I recently had the chance to sit down with Eddy at Epoch Coffee in Austin and talk with him about his career and his book. The book covers just about every music genre, and while odds are good you will find mention of some of your favorite bands you may not like or agree with his opinions.
You see, Eddy has been pigeonholed by some as being contrary, and it does seem at times in the book, at least to me, like he goes out of the way to criticize the darlings of other music critics or praise those dismissed by critics. He denies that it's intentional. More on that later in this piece.
I began our conversation by wondering aloud what it is like to make music criticism your profession. Does listening to music become less pleasurable when writing about it is your job?
He said the pleasure and joy of listening to music has never lessened because of his occupational choice.
The book does a great job of explaining his introduction to becoming a paid music critic. He wrote what he calls in the book “a 11 page manifesto complaining about the state of rock criticism, declaring that everything interesting in music was already over, and mourning my having missed the whole boat.” The piece is excerpted in the book
To their credit then Village Voice editor Robert Christgau printed part of the letter. He soon began writing music criticism of his own, published in the Voice and several other publications. In 1999 he became the music editor at the Village Voice, a position he held for six and a half years. This meant the roles were reversed and now he was editing Christgau.

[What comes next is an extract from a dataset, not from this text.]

(* Consider the closed-loop system $\dot x = f^{\mathsf c}(x,w)$, $x\in\mathbb{R}^n$, with disturbance set $\mathcal W=[\underline w,\overline w]\subseteq\mathbb{R}^q$, where $f^{\mathsf c}$ is continuous and locally Lipschitz in $x$. Let $\mathsf F^{\mathsf c}_{\mathcal S}=(\underline{\mathsf F}^{\mathsf c}_{\mathcal S},\overline{\mathsf F}^{\mathsf c}_{\mathcal S})$ be an $\mathcal S$-localized inclusion function for $f^{\mathsf c}$, and let $\mathsf E_{\mathcal S}$ be the embedding system induced by $\mathsf F^{\mathsf c}_{\mathcal S}$. Let $[\underline x^\star,\overline x^\star]\subseteq\mathcal S$ be an interval. If $$\mathsf E_{\mathcal S}(\underline x^\star,\overline x^\star,\underline w,\overline w)\ \ge_{\mathrm{SE}}\ 0,$$ i.e. $\underline{\mathsf E}_{\mathcal S}(\underline x^\star,\overline x^\star,\underline w,\overline w)\ge 0$ and $\overline{\mathsf E}_{\mathcal S}(\underline x^\star,\overline x^\star,\underline w,\overline w)\le 0$ componentwise, then $[\underline x^\star,\overline x^\star]$ is a $[\underline w,\overline w]$-robustly forward invariant set for $\dot x=f^{\mathsf c}(x,w)$. Moreover, if $\mathsf F^{\mathsf c}_{\mathcal S}$ is the minimal inclusion function of $f^{\mathsf c}$ (jointly in $(x,w)$), then this condition is also necessary for $[\underline x^\star,\overline x^\star]$ to be $[\underline w,\overline w]$-robustly forward invariant.
   Context: Order and intervals: for $x,y\in\mathbb{R}^n$, $x\le y$ means $x_i\le y_i$ for all $i$; for $\underline x\le\overline x$, $[\underline x,\overline x]=\{x:\underline x\le x\le\overline x\}$. Let $\mathcal T^{2n}_{\ge0}=\{(x,\hat x)\in\mathbb{R}^{2n}: x\le\hat x\}$, identified with intervals of $\mathbb{R}^n$. The southeast order on $\mathbb{R}^{2n}$: $(x,\hat x)\le_{\mathrm{SE}}(y,\hat y)$ iff $x\le y$ and $\hat y\le\hat x$; in particular $(a,b)\ge_{\mathrm{SE}}0$ means $a\ge 0$ and $b\le 0$. For $x,y\in\mathbb{R}^n$ and index $i$, $x_{i:y}$ denotes the vector $x$ with its $i$-th entry replaced by $y_i$. Inclusion functions: for $h:\mathbb{R}^m\to\mathbb{R}^k$, a map $\mathsf H=(\underline{\mathsf H},\overline{\mathsf H}):\mathcal T^{2m}_{\ge0}\to\mathcal T^{2k}_{\ge0}$ is an $\mathcal S$-localized inclusion function for $h$ if $\underline{\mathsf H}(\underline z,\overline z)\le h(z)\le\overline{\mathsf H}(\underline z,\overline z)$ for every $z\in[\underline z,\overline z]$ and every interval $[\underline z,\overline z]\subseteq\mathcal S$. For $f^{\mathsf c}(x,w)$ the argument is $(\underline x,\overline x,\underline w,\overline w)$ and localization refers to $[\underline x,\overline x]\subseteq\mathcal S$ (with $w$ ranging over $[\underline w,\overline w]$). The minimal inclusion function has $\underline{\mathsf F}_i=\inf_{x\in[\underline x,\overline x],w\in[\underline w,\overline w]} f^{\mathsf c}_i(x,w)$ and $\overline{\mathsf F}_i=\sup$ of the same. Embedding system induced by $\mathsf F^{\mathsf c}_{\mathcal S}$: the map $\mathsf E_{\mathcal S}=(\underline{\mathsf E}_{\mathcal S},\overline{\mathsf E}_{\mathcal S}):\mathcal T^{2n}_{\ge0}\times\mathcal T^{2q}_{\ge0}\to\mathbb{R}^{2n}$ with components $(\underline{\mathsf E}_{\mathcal S}(\underline x,\overline x,\underline w,\overline w))_i=(\underline{\mathsf F}^{\mathsf c}_{\mathcal S}(\underline x,\overline x_{i:\underline x},\underline w,\overline w))_i$ and $(\overline{\mathsf E}_{\mathcal S}(\underline x,\overline x,\underline w,\overline w))_i=(\overline{\mathsf F}^{\mathsf c}_{\mathcal S}(\underline x_{i:\overline x},\overline x,\underline w,\overline w))_i$, $i=1,\dots,n$; the embedding system is $\dot{\underline x}=\underline{\mathsf E}_{\mathcal S}$, $\dot{\overline x}=\overline{\mathsf E}_{\mathcal S}$. Robust forward invariance: a set $\mathcal X$ is $\mathcal W$-robustly forward invariant if every solution $\phi(t,x_0,\mathbf w)$ with $x_0\in\mathcal X$ and any piecewise continuous $\mathbf w:\mathbb{R}\to\mathcal W$ satisfies $\phi(t,x_0,\mathbf w)\in\mathcal X$ for all $t\ge0$. *)

theory Defs
  imports "HOL-Analysis.Analysis"
begin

An excerpt from that letter:
"How the fuck can you revolutionize an industry which has accepted Pere Ubu and Essential Logic and the Angry Samoans and Teenage Jesus and the Birthday Party? You can't. Nothing scares anybody anymore, nothing surprises anybody anymore, there's no such thing as a real mindfuck because people's minds have already been fucked with over and over and over again. I never realized it until now, but the Sex Pistols were the worst thing that ever happened to rock'n'roll – they demanded anarchy, and they got it. Anarchy means you can do whatever you want, and that's what everybody since the Sex Pistols has done. This has given us a surplus interesting music, but it's also given us a situation in which you can't tell the artists from the poseurs. Sly Stone and the Dolls were able to make revolutionary music because, back then, there were dictated limits on what you could or couldn't do, and they did what they 'couldn't.' Now there are no such limits – what if Sly and the Dolls had waited until 1983, and everything else (the Ramones, the Pistols, PIL, Prince, and all) between 1970 and now had happened without them? Would Greil Marcus still be able to write that 'there is no vocal music in rock to match' Riot, or that 'nothing short of the Sex Pistols' singles has touched it'? I doubt it.